» **Problem to work on**
Work through the lines of the material below, note those with the word "rule", and give their number, nothing else.
Extracted entries section start
definition adjacent :: "'v set set \<Rightarrow> 'v \<Rightarrow> 'v \<Rightarrow> bool" where
  "adjacent E u v \<longleftrightarrow> {u, v} \<in> E"

definition connected_graph :: "'v set set \<Rightarrow> bool" where
  "connected_graph E \<longleftrightarrow> (\<forall>u v. (adjacent E)\<^sup>*\<^sup>* u v)"

definition swap_op :: "'v \<Rightarrow> 'v \<Rightarrow> 'v state \<Rightarrow> 'v state" where
  "swap_op i j \<psi> = (\<lambda>c. \<psi> (c \<circ> transpose i j))"

definition edge_swap :: "'v set \<Rightarrow> 'v state \<Rightarrow> 'v state" where
  "edge_swap e = (let p = (SOME p. e = {fst p, snd p} \<and> fst p \<noteq> snd p)
                  in swap_op (fst p) (snd p))"

definition hamiltonian :: "'v set set \<Rightarrow> ('v set \<Rightarrow> real) \<Rightarrow> 'v state \<Rightarrow> 'v state" where
  "hamiltonian E J \<psi> = (\<lambda>c. \<Sum>e\<in>E. complex_of_real (J e) * edge_swap e \<psi> c)"

definition singlet :: "('v::finite) state" where
  "singlet = (\<lambda>c. if bij c then complex_of_real (real_of_int (sign c) / sqrt (fact (card (UNIV::'v set)))) else 0)"

end

theory Submission
  imports Defs
begin

text \<open>Each swap operator is a unitary involution, so its expectation in a state \<psi> is real and
  at least -|\<psi>|^2, with equality exactly when \<psi> is odd under the swap. Hence every
  eigenvalue of H is at least -\<Sum>J_e, the singlet attains this bound, and a state attaining
  it is odd under every edge swap. Along a path u - v - w the conjugation
  (u v)(v w)(u v) = (u w) propagates oddness, so by connectedness the state is odd under
  every transposition, i.e. totally antisymmetric, and thus a multiple of the singlet.\<close>

definition braket :: "('x \<Rightarrow> complex) \<Rightarrow> ('x \<Rightarrow> complex) \<Rightarrow> complex" where
  "braket \<phi> \<psi> = (\<Sum>x\<in>UNIV. cnj (\<phi> x) * \<psi> x)"

definition sqnorm :: "('x \<Rightarrow> complex) \<Rightarrow> real" where
  "sqnorm \<psi> = (\<Sum>x\<in>UNIV. (cmod (\<psi> x))\<^sup>2)"

lemma braket_scale_right: "braket \<phi> (\<lambda>x. a * \<psi> x) = a * braket \<phi> \<psi>"
  by (simp add: braket_def sum_distrib_left mult_ac)

lemma braket_self: "braket \<psi> \<psi> = complex_of_real (sqnorm \<psi>)"
  by (simp add: braket_def sqnorm_def mult.commute[of "cnj _"] flip: complex_norm_square)

lemma sqnorm_nonneg: "0 \<le> sqnorm \<psi>"
  by (simp add: sqnorm_def sum_nonneg)

lemma sqnorm_eq_0_iff:
  fixes \<psi> :: "'x::finite \<Rightarrow> complex"
  shows "sqnorm \<psi> = 0 \<longleftrightarrow> \<psi> = (\<lambda>_. 0)"
  by (simp add: sqnorm_def sum_nonneg_eq_0_iff fun_eq_iff)

lemma sqnorm_pos:
  fixes \<psi> :: "'x::finite \<Rightarrow> complex"
  shows "\<psi> \<noteq> (\<lambda>_. 0) \<Longrightarrow> 0 < sqnorm \<psi>"
  using sqnorm_nonneg[of \<psi>] sqnorm_eq_0_iff[of \<psi>] by linarith

lemma sum_comp_involution:
  assumes "\<And>x. \<sigma> (\<sigma> x) = x"
  shows "(\<Sum>x\<in>UNIV. g (\<sigma> x)) = (\<Sum>x\<in>UNIV. g x)"
  by (rule sum.reindex_bij_witness[of _ \<sigma> \<sigma>]) (auto simp: assms)

lemma Im_braket_comp_involution:
  assumes "\<And>x. \<sigma> (\<sigma> x) = x"
  shows "Im (braket \<psi> (\<lambda>x. \<psi> (\<sigma> x))) = 0"
proof -
  have "cnj (braket \<psi> (\<lambda>x. \<psi> (\<sigma> x))) = (\<Sum>x\<in>UNIV. \<psi> x * cnj (\<psi> (\<sigma> x)))"
    by (simp add: braket_def)
  also have "\<dots> = (\<Sum>x\<in>UNIV. \<psi> (\<sigma> x) * cnj (\<psi> (\<sigma> (\<sigma> x))))"
    using sum_comp_involution[OF assms, of "\<lambda>x. \<psi> x * cnj (\<psi> (\<sigma> x))"] by simp
  also have "\<dots> = braket \<psi> (\<lambda>x. \<psi> (\<sigma> x))"
    by (simp add: braket_def assms mult.commute)
  finally show ?thesis
    by (simp add: complex_eq_iff)
qed

lemma sqnorm_add_comp_involution:
  assumes "\<And>x. \<sigma> (\<sigma> x) = x"
  shows "sqnorm (\<lambda>x. \<psi> x + \<psi> (\<sigma> x)) = 2 * sqnorm \<psi> + 2 * Re (braket \<psi> (\<lambda>x. \<psi> (\<sigma> x)))"
proof -
  have "(cmod (a + b))\<^sup>2 = (cmod a)\<^sup>2 + (cmod b)\<^sup>2 + 2 * Re (cnj a * b)" for a b :: complex
    by (simp add: cmod_power2 power2_sum algebra_simps)
  then have "sqnorm (\<lambda>x. \<psi> x + \<psi> (\<sigma> x))
      = sqnorm \<psi> + (\<Sum>x\<in>UNIV. (cmod (\<psi> (\<sigma> x)))\<^sup>2) + 2 * Re (braket \<psi> (\<lambda>x. \<psi> (\<sigma> x)))"
    by (simp add: sqnorm_def braket_def sum.distrib sum_distrib_left Re_sum)
  also have "(\<Sum>x\<in>UNIV. (cmod (\<psi> (\<sigma> x)))\<^sup>2) = sqnorm \<psi>"
    unfolding sqnorm_def by (rule sum_comp_involution[OF assms])
  finally show ?thesis by simp
qed

lemma Re_braket_comp_involution_ge:
  assumes "\<And>x. \<sigma> (\<sigma> x) = x"
  shows "- sqnorm \<psi> \<le> Re (braket \<psi> (\<lambda>x. \<psi> (\<sigma> x)))"
  using sqnorm_add_comp_involution[OF assms, of \<psi>] sqnorm_nonneg[of "\<lambda>x. \<psi> x + \<psi> (\<sigma> x)"]
  by linarith

lemma Re_braket_comp_involution_eq_iff:
  fixes \<psi> :: "'x::finite \<Rightarrow> complex"
  assumes "\<And>x. \<sigma> (\<sigma> x) = x"
  shows "Re (braket \<psi> (\<lambda>x. \<psi> (\<sigma> x))) = - sqnorm \<psi> \<longleftrightarrow> (\<forall>x. \<psi> (\<sigma> x) = - \<psi> x)"
proof -
  have "Re (braket \<psi> (\<lambda>x. \<psi> (\<sigma> x))) = - sqnorm \<psi> \<longleftrightarrow> sqnorm (\<lambda>x. \<psi> x + \<psi> (\<sigma> x)) = 0"
    using sqnorm_add_comp_involution[OF assms, of \<psi>] by linarith
  also have "\<dots> \<longleftrightarrow> (\<forall>x. \<psi> (\<sigma> x) = - \<psi> x)"
    by (auto simp: sqnorm_eq_0_iff fun_eq_iff add_eq_0_iff)
  finally show ?thesis .
qed

lemma transpose_right_involution: "(c \<circ> transpose i j) \<circ> transpose i j = c"
  by (simp add: comp_assoc)

lemma Im_braket_swap_op: "Im (braket \<psi> (swap_op i j \<psi>)) = 0"
  unfolding swap_op_def by (rule Im_braket_comp_involution) (rule transpose_right_involution)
Extracted entries section end
» **Expected answer**
3